Please retype all the data below exactly, line for line.

━━━━━━━━

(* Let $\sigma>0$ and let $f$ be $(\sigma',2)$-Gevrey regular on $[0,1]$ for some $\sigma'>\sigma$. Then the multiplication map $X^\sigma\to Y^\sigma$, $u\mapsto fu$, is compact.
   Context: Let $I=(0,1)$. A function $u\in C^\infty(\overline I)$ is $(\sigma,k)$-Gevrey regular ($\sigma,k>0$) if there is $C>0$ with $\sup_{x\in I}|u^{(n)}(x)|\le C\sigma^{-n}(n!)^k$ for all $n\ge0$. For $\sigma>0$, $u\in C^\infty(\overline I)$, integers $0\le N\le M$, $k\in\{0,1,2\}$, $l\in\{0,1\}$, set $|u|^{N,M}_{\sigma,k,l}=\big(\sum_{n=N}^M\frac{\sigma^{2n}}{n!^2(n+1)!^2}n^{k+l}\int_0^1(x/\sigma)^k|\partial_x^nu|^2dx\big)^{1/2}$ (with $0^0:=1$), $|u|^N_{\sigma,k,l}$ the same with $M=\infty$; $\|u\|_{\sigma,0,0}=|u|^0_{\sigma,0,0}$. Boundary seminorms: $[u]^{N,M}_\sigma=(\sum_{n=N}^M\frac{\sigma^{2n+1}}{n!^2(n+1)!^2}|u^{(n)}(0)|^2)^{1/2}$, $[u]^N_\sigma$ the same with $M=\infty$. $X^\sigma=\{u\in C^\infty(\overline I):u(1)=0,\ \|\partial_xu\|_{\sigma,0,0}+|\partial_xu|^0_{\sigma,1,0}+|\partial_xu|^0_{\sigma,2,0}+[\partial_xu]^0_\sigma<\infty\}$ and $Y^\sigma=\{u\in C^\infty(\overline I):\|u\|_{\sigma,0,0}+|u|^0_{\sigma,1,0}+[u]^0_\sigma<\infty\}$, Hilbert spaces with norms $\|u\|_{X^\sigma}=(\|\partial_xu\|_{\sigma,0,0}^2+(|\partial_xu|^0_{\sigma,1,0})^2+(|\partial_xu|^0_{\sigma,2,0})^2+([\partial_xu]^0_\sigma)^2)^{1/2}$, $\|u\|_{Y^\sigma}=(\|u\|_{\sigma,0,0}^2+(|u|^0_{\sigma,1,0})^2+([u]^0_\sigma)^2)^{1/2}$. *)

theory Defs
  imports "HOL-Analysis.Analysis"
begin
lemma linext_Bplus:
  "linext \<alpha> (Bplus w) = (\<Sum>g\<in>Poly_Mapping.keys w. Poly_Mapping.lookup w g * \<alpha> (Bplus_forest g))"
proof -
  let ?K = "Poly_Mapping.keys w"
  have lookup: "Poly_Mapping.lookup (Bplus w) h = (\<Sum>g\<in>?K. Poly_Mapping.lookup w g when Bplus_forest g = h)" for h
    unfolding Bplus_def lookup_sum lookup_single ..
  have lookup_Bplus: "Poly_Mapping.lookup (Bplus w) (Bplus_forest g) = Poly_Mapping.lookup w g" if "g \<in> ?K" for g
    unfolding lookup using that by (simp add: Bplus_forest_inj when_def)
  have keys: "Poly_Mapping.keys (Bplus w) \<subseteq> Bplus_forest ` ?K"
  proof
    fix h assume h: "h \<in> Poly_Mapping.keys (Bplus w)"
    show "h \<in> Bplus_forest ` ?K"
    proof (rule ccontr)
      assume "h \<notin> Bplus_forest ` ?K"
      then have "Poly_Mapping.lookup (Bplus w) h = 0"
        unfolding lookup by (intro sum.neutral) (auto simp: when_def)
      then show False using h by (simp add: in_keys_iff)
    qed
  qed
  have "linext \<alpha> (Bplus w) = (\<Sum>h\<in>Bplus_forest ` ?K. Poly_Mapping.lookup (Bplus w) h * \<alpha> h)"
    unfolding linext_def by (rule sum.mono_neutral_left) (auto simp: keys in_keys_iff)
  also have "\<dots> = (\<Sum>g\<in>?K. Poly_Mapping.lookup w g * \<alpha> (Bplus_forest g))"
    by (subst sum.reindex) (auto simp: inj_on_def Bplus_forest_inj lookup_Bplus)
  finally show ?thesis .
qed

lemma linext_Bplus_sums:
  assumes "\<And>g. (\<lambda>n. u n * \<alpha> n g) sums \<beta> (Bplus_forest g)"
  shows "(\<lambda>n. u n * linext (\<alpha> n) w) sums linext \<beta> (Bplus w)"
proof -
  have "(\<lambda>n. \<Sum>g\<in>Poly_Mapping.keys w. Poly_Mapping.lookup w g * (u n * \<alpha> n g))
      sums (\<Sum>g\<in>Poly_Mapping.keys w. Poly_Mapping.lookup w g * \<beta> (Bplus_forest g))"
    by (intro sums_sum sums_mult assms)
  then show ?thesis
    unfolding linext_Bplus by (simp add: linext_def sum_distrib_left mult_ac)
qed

━━━━━━━━

== RESPONSE TO THIS EXERCISE ==
(* Let $\sigma>0$ and let $f$ be $(\sigma',2)$-Gevrey regular on $[0,1]$ for some $\sigma'>\sigma$. Then the multiplication map $X^\sigma\to Y^\sigma$, $u\mapsto fu$, is compact.
   Context: Let $I=(0,1)$. A function $u\in C^\infty(\overline I)$ is $(\sigma,k)$-Gevrey regular ($\sigma,k>0$) if there is $C>0$ with $\sup_{x\in I}|u^{(n)}(x)|\le C\sigma^{-n}(n!)^k$ for all $n\ge0$. For $\sigma>0$, $u\in C^\infty(\overline I)$, integers $0\le N\le M$, $k\in\{0,1,2\}$, $l\in\{0,1\}$, set $|u|^{N,M}_{\sigma,k,l}=\big(\sum_{n=N}^M\frac{\sigma^{2n}}{n!^2(n+1)!^2}n^{k+l}\int_0^1(x/\sigma)^k|\partial_x^nu|^2dx\big)^{1/2}$ (with $0^0:=1$), $|u|^N_{\sigma,k,l}$ the same with $M=\infty$; $\|u\|_{\sigma,0,0}=|u|^0_{\sigma,0,0}$. Boundary seminorms: $[u]^{N,M}_\sigma=(\sum_{n=N}^M\frac{\sigma^{2n+1}}{n!^2(n+1)!^2}|u^{(n)}(0)|^2)^{1/2}$, $[u]^N_\sigma$ the same with $M=\infty$. $X^\sigma=\{u\in C^\infty(\overline I):u(1)=0,\ \|\partial_xu\|_{\sigma,0,0}+|\partial_xu|^0_{\sigma,1,0}+|\partial_xu|^0_{\sigma,2,0}+[\partial_xu]^0_\sigma<\infty\}$ and $Y^\sigma=\{u\in C^\infty(\overline I):\|u\|_{\sigma,0,0}+|u|^0_{\sigma,1,0}+[u]^0_\sigma<\infty\}$, Hilbert spaces with norms $\|u\|_{X^\sigma}=(\|\partial_xu\|_{\sigma,0,0}^2+(|\partial_xu|^0_{\sigma,1,0})^2+(|\partial_xu|^0_{\sigma,2,0})^2+([\partial_xu]^0_\sigma)^2)^{1/2}$, $\|u\|_{Y^\sigma}=(\|u\|_{\sigma,0,0}^2+(|u|^0_{\sigma,1,0})^2+([u]^0_\sigma)^2)^{1/2}$. *)

theory Defs
  imports "HOL-Analysis.Analysis"
begin
lemma linext_Bplus:
  "linext \<alpha> (Bplus w) = (\<Sum>g\<in>Poly_Mapping.keys w. Poly_Mapping.lookup w g * \<alpha> (Bplus_forest g))"
proof -
  let ?K = "Poly_Mapping.keys w"
  have lookup: "Poly_Mapping.lookup (Bplus w) h = (\<Sum>g\<in>?K. Poly_Mapping.lookup w g when Bplus_forest g = h)" for h
    unfolding Bplus_def lookup_sum lookup_single ..
  have lookup_Bplus: "Poly_Mapping.lookup (Bplus w) (Bplus_forest g) = Poly_Mapping.lookup w g" if "g \<in> ?K" for g
    unfolding lookup using that by (simp add: Bplus_forest_inj when_def)
  have keys: "Poly_Mapping.keys (Bplus w) \<subseteq> Bplus_forest ` ?K"
  proof
    fix h assume h: "h \<in> Poly_Mapping.keys (Bplus w)"
    show "h \<in> Bplus_forest ` ?K"
    proof (rule ccontr)
      assume "h \<notin> Bplus_forest ` ?K"
      then have "Poly_Mapping.lookup (Bplus w) h = 0"
        unfolding lookup by (intro sum.neutral) (auto simp: when_def)
      then show False using h by (simp add: in_keys_iff)
    qed
  qed
  have "linext \<alpha> (Bplus w) = (\<Sum>h\<in>Bplus_forest ` ?K. Poly_Mapping.lookup (Bplus w) h * \<alpha> h)"
    unfolding linext_def by (rule sum.mono_neutral_left) (auto simp: keys in_keys_iff)
  also have "\<dots> = (\<Sum>g\<in>?K. Poly_Mapping.lookup w g * \<alpha> (Bplus_forest g))"
    by (subst sum.reindex) (auto simp: inj_on_def Bplus_forest_inj lookup_Bplus)
  finally show ?thesis .
qed

lemma linext_Bplus_sums:
  assumes "\<And>g. (\<lambda>n. u n * \<alpha> n g) sums \<beta> (Bplus_forest g)"
  shows "(\<lambda>n. u n * linext (\<alpha> n) w) sums linext \<beta> (Bplus w)"
proof -
  have "(\<lambda>n. \<Sum>g\<in>Poly_Mapping.keys w. Poly_Mapping.lookup w g * (u n * \<alpha> n g))
      sums (\<Sum>g\<in>Poly_Mapping.keys w. Poly_Mapping.lookup w g * \<beta> (Bplus_forest g))"
    by (intro sums_sum sums_mult assms)
  then show ?thesis
    unfolding linext_Bplus by (simp add: linext_def sum_distrib_left mult_ac)
qed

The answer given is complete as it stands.